= What to do =
What lines below include the word "noteq"? Copy each one.
========
lemma perm_idx_eq_iff:
  assumes p: "p permutes {1..N}" and "length c = N" and "length v = N"
  shows "c = perm_idx N p v \<longleftrightarrow> (\<forall>j<N. v ! j = c ! (p (Suc j) - 1))"
proof -
  have "c = perm_idx N p v \<longleftrightarrow> (\<forall>m<N. c ! m = v ! (inv_into UNIV p (Suc m) - 1))"
    using assms(2) by (simp add: perm_idx_def list_eq_iff_nth_eq)
  also have "\<dots> \<longleftrightarrow> (\<forall>j<N. v ! j = c ! (p (Suc j) - 1))"
  proof (intro iffI allI impI)
    fix j assume "\<forall>m<N. c ! m = v ! (inv_into UNIV p (Suc m) - 1)" and "j < N"
    moreover have "p (Suc j) \<in> {1..N}"
      using permutes_in_image[OF p] \<open>j < N\<close> by simp
    then have "p (Suc j) - 1 < N" and "Suc (p (Suc j) - 1) = p (Suc j)"
      by auto
    ultimately show "v ! j = c ! (p (Suc j) - 1)"
      by (simp add: permutes_inverses(2)[OF p])
  next
    fix m assume "\<forall>j<N. v ! j = c ! (p (Suc j) - 1)" and "m < N"
    moreover have "inv_into UNIV p (Suc m) \<in> {1..N}"
      using permutes_in_image[OF permutes_inv[OF p]] \<open>m < N\<close> by simp
    then have "inv_into UNIV p (Suc m) - 1 < N" and "Suc (inv_into UNIV p (Suc m) - 1) = inv_into UNIV p (Suc m)"
      by auto
    ultimately show "c ! m = v ! (inv_into UNIV p (Suc m) - 1)"
      by (simp add: permutes_inverses(1)[OF p])
  qed
  finally show ?thesis .
qed

lemma perm_idx_shift_cycle_eq_iff:
  assumes "length c = k" and "length v = k"
  shows "c = perm_idx k (cycle_of_list [1..<k + 1]) v \<longleftrightarrow> v = rotate1 c"
proof -
  have "cycle_of_list [1..<k + 1] permutes {1..k}"
    using cycle_permutes[of "[1..<k + 1]"] by (simp add: atLeastLessThanSuc_atLeastAtMost del: upt_Suc)
  then have "c = perm_idx k (cycle_of_list [1..<k + 1]) v
      \<longleftrightarrow> (\<forall>j<k. v ! j = c ! (cycle_of_list [1..<k + 1] (Suc j) - 1))"
    using assms by (rule perm_idx_eq_iff)
  also have "\<dots> \<longleftrightarrow> (\<forall>j<k. v ! j = c ! (Suc j mod k))"
    using cycle_of_list_upt_Suc by auto
  also have "\<dots> \<longleftrightarrow> v = rotate1 c"
    using assms by (auto simp: list_eq_iff_nth_eq nth_rotate1)
  finally show ?thesis .
qed

lemma ptrans_shift_cycle_Cons:
  assumes "length a = n" and "length b = n" and "n \<noteq> 0"
  shows "ptrans (Suc n) (perm_op (Suc n) (cycle_of_list [1..<Suc n + 1])) (i # a) (x # b)
     = (if i = last a \<and> x # butlast b = butlast a @ [last b] then 1 else 0)"
proof -
  have update_last: "xs[length xs - 1 := y] = butlast xs @ [y]" if "xs \<noteq> []" for xs :: "nat list" and y
    using that by (cases xs rule: rev_cases) auto
  obtain m where m: "n = Suc m"
    using assms(3) not0_implies_Suc by blast
  have "a \<noteq> []" and "b \<noteq> []"
    using assms by auto
  then have "a ! m = last a" and "b ! m = last b"
    using assms m by (simp_all add: last_conv_nth)
  then have "(i # a)[n := (x # b) ! n] = i # a[length a - 1 := last b]"
    and "(x # b)[n := (i # a) ! n] = x # b[length b - 1 := last a]"
    using assms m by simp_all
  then have u: "(i # a)[n := (x # b) ! n] = i # butlast a @ [last b]"
    and v: "(x # b)[n := (i # a) ! n] = x # butlast b @ [last a]"
    by (simp_all only: update_last[OF \<open>a \<noteq> []\<close>] update_last[OF \<open>b \<noteq> []\<close>])
  have "length (i # butlast a @ [last b]) = Suc n" and "length (x # butlast b @ [last a]) = Suc n"
    using assms by auto
  then have "i # butlast a @ [last b] = perm_idx (Suc n) (cycle_of_list [1..<Suc n + 1]) (x # butlast b @ [last a])
      \<longleftrightarrow> x # butlast b @ [last a] = rotate1 (i # butlast a @ [last b])"
    by (rule perm_idx_shift_cycle_eq_iff)
  also have "\<dots> \<longleftrightarrow> i = last a \<and> x # butlast b = butlast a @ [last b]"
    by auto
  finally show ?thesis
    unfolding ptrans_def perm_op_def diff_Suc_1 u v by simp
qed

lemma finite_idxs: "finite (idxs d n)"
  unfolding idxs_def using finite_lists_length_eq[of "{..<d}" n] by (simp add: conj_commute)

lemma idxs_length: "xs \<in> idxs d n \<Longrightarrow> length xs = n"
  by (simp add: idxs_def)

lemma sum_idxs_Suc: "(\<Sum>c\<in>idxs d (Suc n). f c) = (\<Sum>x<d. \<Sum>xs\<in>idxs d n. f (x # xs))"
proof -
  have image: "idxs d (Suc n) = (\<lambda>(x, xs). x # xs) ` ({..<d} \<times> idxs d n)"
    by (auto simp: idxs_def length_Suc_conv image_iff)
  have inj: "inj_on (\<lambda>(x, xs). x # xs) ({..<d} \<times> idxs d n)"
    by (auto simp: inj_on_def)
  show ?thesis
    unfolding image sum.reindex[OF inj] sum.cartesian_product by (simp add: case_prod_beta)
qed

lemma tensor_mat_op_id_op_Cons:
  "tensor_op 1 (mat_op A) id_op (x # u) (y # v) = (if u = v then A $$ (x, y) else 0)"
  by (simp add: tensor_op_def mat_op_def id_op_def)

lemma tau_append: "length u = n \<Longrightarrow> tau n X (u @ v) = X u v"
  by (simp add: tau_def)

lemma perm_idx_inv:
  assumes "p permutes {1..N}"
  shows "perm_idx N (inv_into UNIV p) c = map (\<lambda>j. c ! (p (Suc j) - 1)) [0..<N]"
  using assms by (simp add: perm_idx_def inv_inv_eq permutes_bij)

lemma perm_vec_apply:
  assumes p: "p permutes {1..N}" and c: "c \<in> idxs d N"
  shows "perm_vec d N p v c = v (perm_idx N (inv_into UNIV p) c)"
proof -
  let ?w = "perm_idx N (inv_into UNIV p) c"
  have range: "p (Suc j) - 1 < N" if "j < N" for j
    using permutes_in_image[OF p, of "Suc j"] that by auto
  have w: "?w = map (\<lambda>j. c ! (p (Suc j) - 1)) [0..<N]"
    using p by (rule perm_idx_inv)
  have "c ! (p (Suc j) - 1) < d" if "j < N" for j
  proof -
    have "c ! (p (Suc j) - 1) \<in> set c"
      using range[OF that] idxs_length[OF c] by simp
    then show ?thesis
      using c by (auto simp: idxs_def)
  qed
  then have "?w \<in> idxs d N"
    by (auto simp: w idxs_def)
  moreover have "c = perm_idx N p u \<longleftrightarrow> u = ?w" if "u \<in> idxs d N" for u
    using perm_idx_eq_iff[OF p idxs_length[OF c] idxs_length[OF that]] idxs_length[OF that]
    unfolding w by (auto simp: list_eq_iff_nth_eq)
  ultimately show ?thesis
    unfolding perm_vec_def using finite_idxs by (simp cong: sum.cong)
qed

lemma perm_idx_inv_rev_cycle:
  assumes "length xs = m" and "length ys = l"
  shows "perm_idx (m + l + 2 + length zs) (inv_into UNIV (cycle_of_list (rev [Suc m..<Suc m + (l + 2)])))
           (xs @ y # ys @ z # zs) = xs @ z # y # ys @ zs"
proof -
  define N where "N = m + l + 2 + length zs"
  define p where "p = cycle_of_list (rev [Suc m..<Suc m + (l + 2)])"
  define c where "c = xs @ y # ys @ z # zs"
  have "p permutes set (rev [Suc m..<Suc m + (l + 2)])"
    unfolding p_def by (rule cycle_permutes)
  then have "p permutes {1..N}"
    by (rule permutes_subset) (auto simp: N_def)
  then have "perm_idx N (inv_into UNIV p) c = map (\<lambda>j. c ! (p (Suc j) - 1)) [0..<N]"
    by (rule perm_idx_inv)
  also have "\<dots> = xs @ z # y # ys @ zs"
  proof (rule nth_equalityI)
    fix j assume "j < length (map (\<lambda>j. c ! (p (Suc j) - 1)) [0..<N])"
    then have "j < N" by simp
    consider "j < m" | "j = m" | "m < j" "j \<le> m + l + 1" | "m + l + 1 < j"
      by linarith
    then show "map (\<lambda>j. c ! (p (Suc j) - 1)) [0..<N] ! j = (xs @ z # y # ys @ zs) ! j"
    proof cases
      case 1
      then have "p (Suc j) = Suc j"
        unfolding p_def by (intro id_outside_supp) auto
      then show ?thesis using 1 \<open>j < N\<close> assms by (simp add: c_def nth_append)
    next
      case 2
      then have "p (Suc j) = m + l + 2"
        unfolding p_def by (subst cycle_of_list_rev_upt) auto
      then show ?thesis using 2 \<open>j < N\<close> assms by (simp add: c_def nth_append)
    next
      case 3
      define i where "i = j - Suc m"
      have j: "j = Suc (m + i)" and "i \<le> l"
        using 3 by (auto simp: i_def)
      have "p (Suc j) = j"
        unfolding p_def using 3 by (subst cycle_of_list_rev_upt) auto
      moreover have "(y # ys @ z # zs) ! i = (y # ys @ zs) ! i"
        using \<open>i \<le> l\<close> assms by (simp add: nth_append flip: append_Cons)
      ultimately show ?thesis using j \<open>j < N\<close> assms by (simp add: c_def nth_append)
    next
      case 4
      define i where "i = j - (m + l + 2)"
      have j: "j = m + l + 2 + i"
        using 4 by (simp add: i_def)
      have "p (Suc j) = Suc j"
        unfolding p_def using 4 by (intro id_outside_supp) auto
      then show ?thesis using j \<open>j < N\<close> assms by (simp add: c_def nth_append)
    qed
  qed (simp add: N_def assms)
  finally show ?thesis
    unfolding N_def p_def c_def .
qed

lemma ptr1_mult_ptrans_shift_cycle_tensor:
  assumes n: "2 \<le> n" and a: "a \<in> idxs d n" and b: "b \<in> idxs d n"
  shows "ptr1 d (op_mult d (Suc n) (ptrans (Suc n) (perm_op (Suc n) (cycle_of_list [1..<Suc n + 1])))
                   (tensor_op 1 (mat_op A) id_op)) a b
       = (if b = tl (butlast a) @ [last b, last b] then A $$ (hd a, last a) else 0)"
proof -
  let ?P = "ptrans (Suc n) (perm_op (Suc n) (cycle_of_list [1..<Suc n + 1]))"
  have la: "length a = n" and lb: "length b = n"
    using a b by (simp_all add: idxs_length)
  obtain a0 as \<alpha> where a_eq: "a = a0 # as @ [\<alpha>]"
    using la n by (cases a; cases "tl a" rule: rev_cases) auto
  obtain bs \<beta> \<gamma> where b_eq: "b = bs @ [\<beta>, \<gamma>]"
    using lb n by (cases b rule: rev_cases; cases "butlast b" rule: rev_cases) auto
  have n0: "n \<noteq> 0"
    using n by simp
  have "hd a < d" and "last a < d"
    using a unfolding a_eq idxs_def by auto
  have "ptr1 d (op_mult d (Suc n) ?P (tensor_op 1 (mat_op A) id_op)) a b
      = (\<Sum>i<d. \<Sum>x<d. \<Sum>ys\<in>idxs d n. if ys = b then ?P (i # a) (x # ys) * A $$ (x, i) else 0)"
    unfolding ptr1_def op_mult_def sum_idxs_Suc tensor_mat_op_id_op_Cons by (intro sum.cong refl) simp
  also have "\<dots> = (\<Sum>i<d. \<Sum>x<d. ?P (i # a) (x # b) * A $$ (x, i))"
    using b by (simp add: finite_idxs)
  also have "\<dots> = (\<Sum>i<d. \<Sum>x<d. if x = hd a then if i = last a then
                 (if b = tl (butlast a) @ [last b, last b] then A $$ (x, i) else 0) else 0 else 0)"
  proof -
    have "?P (i # a) (x # b) * A $$ (x, i) = (if x = hd a then if i = last a then
            (if b = tl (butlast a) @ [last b, last b] then A $$ (x, i) else 0) else 0 else 0)" for i x
      unfolding ptrans_shift_cycle_Cons[OF la lb n0] by (auto simp: a_eq b_eq butlast_append)
    then show ?thesis
      by (simp only:)
  qed
  also have "\<dots> = (if b = tl (butlast a) @ [last b, last b] then A $$ (hd a, last a) else 0)"
    using \<open>hd a < d\<close> \<open>last a < d\<close> by simp
  finally show ?thesis .
qed

lemma tau_inv_perm_vec_rev_cycle_tensor:
  assumes n: "2 \<le> n" and a: "a \<in> idxs d n" and b: "b \<in> idxs d n"
  shows "tau_inv (perm_vec d (2 * n) (cycle_of_list (rev [n..<2 * n])) (tau n (tensor_op 1 (mat_op A) id_op))) a b
       = (if b = tl (butlast a) @ [last b, last b] then A $$ (hd a, last a) else 0)"
proof -
  let ?\<pi> = "cycle_of_list (rev [n..<2 * n])"
  have la: "length a = n" and lb: "length b = n"
    using a b by (simp_all add: idxs_length)
  obtain a0 as \<alpha> where a_eq: "a = a0 # as @ [\<alpha>]"
    using la n by (cases a; cases "tl a" rule: rev_cases) auto
  obtain bs \<beta> \<gamma> where b_eq: "b = bs @ [\<beta>, \<gamma>]"
    using lb n by (cases b rule: rev_cases; cases "butlast b" rule: rev_cases) auto
  have "?\<pi> permutes set (rev [n..<2 * n])"
    by (rule cycle_permutes)
  then have \<pi>: "?\<pi> permutes {1..2 * n}"
    by (rule permutes_subset) (use n in auto)
  have "a @ b \<in> idxs d (2 * n)"
    using a b by (auto simp: idxs_def)
  then have "perm_vec d (2 * n) ?\<pi> (tau n (tensor_op 1 (mat_op A) id_op)) (a @ b)
      = tau n (tensor_op 1 (mat_op A) id_op) (perm_idx (2 * n) (inv_into UNIV ?\<pi>) (a @ b))"
    by (rule perm_vec_apply[OF \<pi>])
  also have "perm_idx (2 * n) (inv_into UNIV ?\<pi>) (a @ b) = (a0 # as @ [\<beta>]) @ \<alpha> # bs @ [\<gamma>]"
  proof -
    have "length (a0 # as) = n - 1" and "length bs = n - 2"
      using la lb n by (auto simp: a_eq b_eq)
    from perm_idx_inv_rev_cycle[OF this, of "[\<gamma>]" \<alpha> \<beta>]
    show ?thesis
      using n by (simp add: a_eq b_eq mult_2 Suc_diff_Suc numeral_2_eq_2)
  qed
  also have "tau n (tensor_op 1 (mat_op A) id_op) ((a0 # as @ [\<beta>]) @ \<alpha> # bs @ [\<gamma>])
      = (if as @ [\<beta>] = bs @ [\<gamma>] then A $$ (a0, \<alpha>) else 0)"
  proof -
    have "length (a0 # as @ [\<beta>]) = n"
      using la by (simp add: a_eq)
    then show ?thesis
      unfolding tau_append[OF \<open>length (a0 # as @ [\<beta>]) = n\<close>] tensor_mat_op_id_op_Cons by simp
  qed
  finally show ?thesis
    by (auto simp: tau_inv_def a_eq b_eq)
qed

theorem proposition6:
  fixes d k :: nat and A :: "complex mat"
  assumes "A \<in> carrier_mat d d" and "k \<ge> 3"
  defines "k' \<equiv> k - 1"
  defines "\<pi> \<equiv> cycle_of_list (rev [k'..<2 * k'])"
  shows "op_eq d k'
     (ptr1 d (op_mult d k (ptrans k (perm_op k (cycle_of_list [1..<k + 1])))
                          (tensor_op 1 (mat_op A) id_op)))
     (tau_inv (perm_vec d (2 * k') \<pi> (tau k' (tensor_op 1 (mat_op A) id_op))))"
proof -
  have k: "k = Suc k'" and k': "2 \<le> k'"
    using assms(2) unfolding k'_def by auto
  show ?thesis
    unfolding op_eq_def \<pi>_def k
    by (intro ballI)
      (simp only: ptr1_mult_ptrans_shift_cycle_tensor[OF k'] tau_inv_perm_vec_rev_cycle_tensor[OF k'])
qed

end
========
= Result =
  assumes "length a = n" and "length b = n" and "n \<noteq> 0"
  have update_last: "xs[length xs - 1 := y] = butlast xs @ [y]" if "xs \<noteq> []" for xs :: "nat list" and y
  have "a \<noteq> []" and "b \<noteq> []"
    by (simp_all only: update_last[OF \<open>a \<noteq> []\<close>] update_last[OF \<open>b \<noteq> []\<close>])
  have n0: "n \<noteq> 0"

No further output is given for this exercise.